The sixth season (subtitled Fast Forward or Teenage Mutant Ninja Turtles: Fast Forward) originally aired between July 29, 2006 and October 27, 2007, beginning with the "Future Shellshock" episode. The season is lighter in tone and less violent than previous ones, with a greater emphasis on jokes, and includes recreated designs for all returning characters. 

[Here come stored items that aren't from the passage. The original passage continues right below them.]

lemma powr_exponent_tendsto:
  fixes f :: "nat \<Rightarrow> real"
  assumes "f 1 = 1" "\<And>n. 2 \<le> n \<Longrightarrow> 0 < f n"
    and "(\<lambda>n. ln (f n) / (real n * ln (real n))) \<longlonglongrightarrow> c"
  shows "\<exists>\<epsilon>. \<epsilon> \<longlonglongrightarrow> 0 \<and> (\<forall>n\<ge>1. f n = real n powr ((c + \<epsilon> n) * real n))"
proof (intro exI conjI allI impI)
  define \<epsilon> where "\<epsilon> n = ln (f n) / (real n * ln (real n)) - c" for n
  show "\<epsilon> \<longlonglongrightarrow> 0" unfolding \<epsilon>_def using tendsto_diff[OF assms(3) tendsto_const, of c] by simp
  fix n :: nat assume "1 \<le> n"
  show "f n = real n powr ((c + \<epsilon> n) * real n)"
  proof (cases "n = 1")
    case False
    then have "real n \<noteq> 0" "ln (real n) \<noteq> 0" using \<open>1 \<le> n\<close> by auto
    then have "(c + \<epsilon> n) * real n * ln (real n) = ln (f n)" unfolding \<epsilon>_def by (simp add: field_simps)
    then show ?thesis using False \<open>1 \<le> n\<close> assms(2)[of n] by (simp add: powr_def)
  qed (use assms(1) in simp)
qed

theorem corollary2p15:
  fixes d :: nat
  assumes "d \<ge> 1"
  shows "\<exists>\<epsilon> :: nat \<Rightarrow> real. \<epsilon> \<longlonglongrightarrow> 0 \<and>
           (\<forall>n\<ge>1. real (num_orders_dim_le d n) = real n powr ((real d + \<epsilon> n) * real n))"
proof (rule powr_exponent_tendsto)
  have "0 < d" using assms by simp
  have "num_orders_dim_le d 1 \<le> 1" using num_orders_dim_le_upper[OF \<open>0 < d\<close>, of 1] by simp
  then show "real (num_orders_dim_le d 1) = 1" using num_orders_dim_le_pos[OF \<open>0 < d\<close>, of 1] by simp
  show "0 < real (num_orders_dim_le d n)" for n using num_orders_dim_le_pos[OF \<open>0 < d\<close>] by simp
  show "(\<lambda>n. ln (real (num_orders_dim_le d n)) / (real n * ln (real n))) \<longlonglongrightarrow> real d"
    using ln_num_orders_dim_le_tendsto[OF \<open>0 < d\<close>] .
qed

end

The season was originally going to air one year later, but to try to increase interest in the series, FOX's 4Kids TV started airing this season a year earlier instead of the "Ninja Tribunal" arc. This season became the fifth season to air on commercial television even though it was the sixth season produced. After the scheduling change was made, Mirage and its partners decided to finish production on the "Ninja Tribunal" episodes and release them directly to DVD. 4Kids Entertainment later signed a deal with Comcast and this season began airing on Comcast-On-Demand in August 2006. Thus mass confusion has ensued regarding which season is officially season five and which is season six. Chronologically this season comes after the "Ninja Tribunal" season.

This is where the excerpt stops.